Но потом он вновь притрагивается ко мне, и моя решимость исчезает как дым на ветру.

Ничего хорошего из этого не получится. Вот в чем суть, сладость. Ты знаешь, что я уже проходил этот путь и что в конце него, кроме душевной боли, ничего нет. У моей истории не может быть счастливого конца как у вас с Мэттом. Оставшись здесь, с ним, я скоро стану озлобленным и беспокойным.

Это уже происходит, и я не могу остановить себя. Я становлюсь все более нервным и раздражительным. Очень скоро он больше не сможет терпеть меня и в итоге бросит.
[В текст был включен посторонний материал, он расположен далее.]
(* Let $T=(V,E)$ be a finite rooted tree, $\Pr$ a probability distribution over a finite set of queries, $k$ a positive integer, and let $R^*$ be an optimal solution to the problem of maximizing the benefit $B(R)$ over all $R\subseteq V$ with $|R|\le k$. Let $u\in V$ and let $v\in A(u)\cup\{\epsilon\}$ be the lowest ancestor of $u$ that belongs to $R^*$ (with $v=\epsilon$ if no proper ancestor of $u$ belongs to $R^*$). Let $R^*_u=T(u)\cap R^*$ and $\kappa^*_u=|T(u)\cap R^*|$. Then $R^*_u$ maximizes $B_u(R_u\cup\{v\})$ over all $R_u\subseteq T(u)$ with $|R_u|=\kappa^*_u$, i.e. $$R^*_u\in\arg\max_{R_u\subseteq T(u),\ |R_u|=\kappa^*_u} B_u(R_u\cup\{v\}).$$
   Context: $T=(V,E)$ is a finite rooted tree. $T(u)$ is the set of nodes of the subtree rooted at $u$ (including $u$); $A(u)$ is the set of proper ancestors of $u$. Each non-leaf node is associated with a variable of a finite set $X$; $\mathrm{vars}(u)$ is the set of variables associated with nodes of $T(u)$. Each query $q$ determines $Z_q\subseteq X$. For $R\subseteq V$, $w\in V$: $I_q(w,R)=1$ iff $w\in R$, $\mathrm{vars}(w)\subseteq Z_q$, and no $x\in A(w)\cap R$ has $\mathrm{vars}(x)\subseteq Z_q$; else $0$; $\mathbb{E}[I(w,R)]=\sum_q\Pr(q)I_q(w,R)$. Nodes have partial costs $c(x)$; total cost $C(w)=\sum_{x\in T(w)}c(x)$. Benefit: $B(R)=\sum_{w\in R}\mathbb{E}[I(w,R)]C(w)$. Partial benefit: $B_u(R)=\sum_{w\in R\cap T(u)}\mathbb{E}[I(w,R)]C(w)$. $\epsilon$ is an auxiliary symbol not in $V$ meaning "no ancestor"; by convention $B_u(R_u\cup\{\epsilon\}):=B_u(R_u)$. *)

theory Defs
  imports Complex_Main
begin

text \<open>A finite rooted tree is given by a finite node set V, a root r and a parent
  function par (meaningful on V - {r}).  Edges point from a child to its parent.\<close>

definition tree_edges :: "'a set \<Rightarrow> 'a \<Rightarrow> ('a \<Rightarrow> 'a) \<Rightarrow> ('a \<times> 'a) set" where
  "tree_edges V r par = {(w, par w) | w. w \<in> V \<and> w \<noteq> r}"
Но если я сделаю то, что должен – то, на что толкает меня моя натура, – конец будет таким же. Так или иначе я останусь один. Разве не мудрее, сладость, покончить с этим прямо сейчас? Разве не лучше смириться с тем, что моему счастью суждено быть уничтоженным?

Завтра я уеду. Завтра я перестану откладывать неизбежное.

Завтра я перестану лгать себе и ему.

Завтра.

Ты спросишь, почему не сегодня? Сегодня уже слишком поздно. Он скоро придет домой, на плите стоит ужин, а в холодильнике охлаждается бутылка вина.

Он улыбнется мне, когда зайдет, а я притворюсь, будто то хрупкое и опасное чувство, возникшее между нами, может жить вечно.

Еще один раз, сладость. Самый последний. Это все, о чем я прошу.

Вот почему я теперь могу понять наркоманов.

***

Он разбудил меня посреди ночи, мягкими пальцами поймав меня за руку. Ничего подобного он раньше не делал. Я даже не сразу понял, что произошло.

– Коул?

В кромешной темноте спальни мне едва удалось разглядеть очертания его тела. Его лицо было не более, чем тенью.

– Что такое? – Не ответив, он быстро переместился ко мне. Он никогда не стеснялся требовать секса, и я знал, что если бы он разбудил меня только за этим, то уже перешел бы к делу. Здесь было что-то другое. Что-то нехорошее и пугающее. Он был слишком тихим, слишком напряженным в моих руках. – Что? – прошептал я.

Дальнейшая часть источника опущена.